Using the records that follow, copy every line containing the word "exists".

(Records contained in a dataset)
- Opening Delimiter -

lemma orbit_mset_least_power_subseteq_iff:
  assumes "inj \<sigma>" "stable_mset \<sigma> M" "x \<in># M"
  shows "orbit_mset \<sigma> (least_power \<sigma> x * k) x \<subseteq># M \<longleftrightarrow> k \<le> count M x"
proof -
  obtain n where n: "0 < n" "(\<sigma> ^^ n) x = x"
    using periodic_of_mem_stable_mset[OF assms] .
  let ?d = "least_power \<sigma> x"
  let ?C = "(\<lambda>j. (\<sigma> ^^ j) x) ` {..<?d}"
  have "orbit_mset \<sigma> ?d x = mset_set ?C"
    unfolding orbit_mset_def by (rule image_mset_mset_set[OF inj_on_funpow_least_power[OF assms(1) n]])
  hence count_orbit: "count (orbit_mset \<sigma> (?d * k) x) y = (if y \<in> ?C then k else 0)" for y
    by (simp add: orbit_mset_mult[OF least_powerI(1)[OF n(2,1)]])
  have x_in: "x \<in> ?C"
    using least_powerI(2)[OF n(2,1)] by force
  have count_C: "count M y = count M x" if "y \<in> ?C" for y
    using that count_stable_mset_funpow[OF assms(1,2)] by auto
  show ?thesis
  proof
    assume "orbit_mset \<sigma> (?d * k) x \<subseteq># M"
    thus "k \<le> count M x"
      using mset_subset_eq_count[of _ M x] count_orbit x_in by fastforce
  next
    assume "k \<le> count M x"
    thus "orbit_mset \<sigma> (?d * k) x \<subseteq># M"
      unfolding subseteq_mset_def count_orbit using count_C by simp
  qed
qed
(* Let $(G=(V,E),k,\ell)$ be an instance of Almost Forest Deletion. Construct $(G'=(V',E'),R,k',\ell')$ as follows: start with $V'=V$, $E'=\varnothing$, $R=\varnothing$; for each edge $e=(u,v)\in E$ add a new vertex $v_e$ to $V'$ and to $R$ and add the edges $(u,v_e)$ and $(v_e,v)$ to $E'$ (i.e. subdivide $e$); set $k'=k$, $\ell'=\ell$. Then $(G',R,k',\ell')$ is an instance of Restricted Independent Almost Forest Deletion equivalent to $(G,k,\ell)$.
   Context: A graph is an $\ell$-forest if deleting at most $\ell$ of its edges yields a forest. Almost Forest Deletion: given a graph $G$ and integers $k,\ell\ge0$, decide whether there is $S\subseteq V(G)$ with $|S|\le k$ such that $G-S$ is an $\ell$-forest. Restricted Independent Almost Forest Deletion: given a graph $G$, a set $R\subseteq V(G)$ and integers $k,\ell\ge 0$, decide whether there is a set $S\subseteq V(G)\setminus R$ with $|S|\le k$ such that $S$ is an independent set in $G$ and $G-S$ is an $\ell$-forest. *)

theory Defs
  imports Main
begin

definition simple_graph :: "'a set \<Rightarrow> 'a set set \<Rightarrow> bool" where
  "simple_graph V E \<longleftrightarrow> finite V \<and>
     (\<forall>e\<in>E. \<exists>u v. e = {u, v} \<and> u \<noteq> v \<and> u \<in> V \<and> v \<in> V)"

definition is_cycle :: "'a set \<Rightarrow> 'a set set \<Rightarrow> 'a list \<Rightarrow> bool" where
  "is_cycle V E xs \<longleftrightarrow> length xs \<ge> 3 \<and> distinct xs \<and> set xs \<subseteq> V \<and>
     (\<forall>i < length xs. {xs ! i, xs ! ((i + 1) mod length xs)} \<in> E)"

definition forest :: "'a set \<Rightarrow> 'a set set \<Rightarrow> bool" where
  "forest V E \<longleftrightarrow> \<not> (\<exists>xs. is_cycle V E xs)"

definition l_forest :: "nat \<Rightarrow> 'a set \<Rightarrow> 'a set set \<Rightarrow> bool" where
  "l_forest l V E \<longleftrightarrow> (\<exists>F \<subseteq> E. card F \<le> l \<and> forest V (E - F))"

definition del_edges :: "'a set set \<Rightarrow> 'a set \<Rightarrow> 'a set set" where
  "del_edges E S = {e \<in> E. e \<inter> S = {}}"

definition independent :: "'a set set \<Rightarrow> 'a set \<Rightarrow> bool" where
  "independent E S \<longleftrightarrow> (\<forall>u\<in>S. \<forall>v\<in>S. {u, v} \<notin> E)"

definition almost_forest_deletion :: "'a set \<Rightarrow> 'a set set \<Rightarrow> nat \<Rightarrow> nat \<Rightarrow> bool" where
  "almost_forest_deletion V E k l \<longleftrightarrow>
     (\<exists>S \<subseteq> V. card S \<le> k \<and> l_forest l (V - S) (del_edges E S))"

definition restr_indep_afd :: "'a set \<Rightarrow> 'a set set \<Rightarrow> 'a set \<Rightarrow> nat \<Rightarrow> nat \<Rightarrow> bool" where
  "restr_indep_afd V E R k l \<longleftrightarrow>
     (\<exists>S \<subseteq> V - R. card S \<le> k \<and> independent E S \<and> l_forest l (V - S) (del_edges E S))"

text \<open>The subdivision construction: original vertices are tagged Inl, the new vertex v_e is Inr e.\<close>
definition subdiv_V :: "'a set \<Rightarrow> 'a set set \<Rightarrow> ('a + 'a set) set" where
  "subdiv_V V E = Inl ` V \<union> Inr ` E"

definition subdiv_E :: "'a set set \<Rightarrow> ('a + 'a set) set set" where
  "subdiv_E E = {{Inl u, Inr e} | u e. e \<in> E \<and> u \<in> e}"

definition subdiv_R :: "'a set set \<Rightarrow> ('a + 'a set) set" where
  "subdiv_R E = Inr ` E"

end

theory Submission
  imports Defs
begin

- Closing Delimiter -

RESPONSE AREA:
     (\<forall>e\<in>E. \<exists>u v. e = {u, v} \<and> u \<noteq> v \<and> u \<in> V \<and> v \<in> V)"
  "forest V E \<longleftrightarrow> \<not> (\<exists>xs. is_cycle V E xs)"
  "l_forest l V E \<longleftrightarrow> (\<exists>F \<subseteq> E. card F \<le> l \<and> forest V (E - F))"
     (\<exists>S \<subseteq> V. card S \<le> k \<and> l_forest l (V - S) (del_edges E S))"
     (\<exists>S \<subseteq> V - R. card S \<le> k \<and> independent E S \<and> l_forest l (V - S) (del_edges E S))"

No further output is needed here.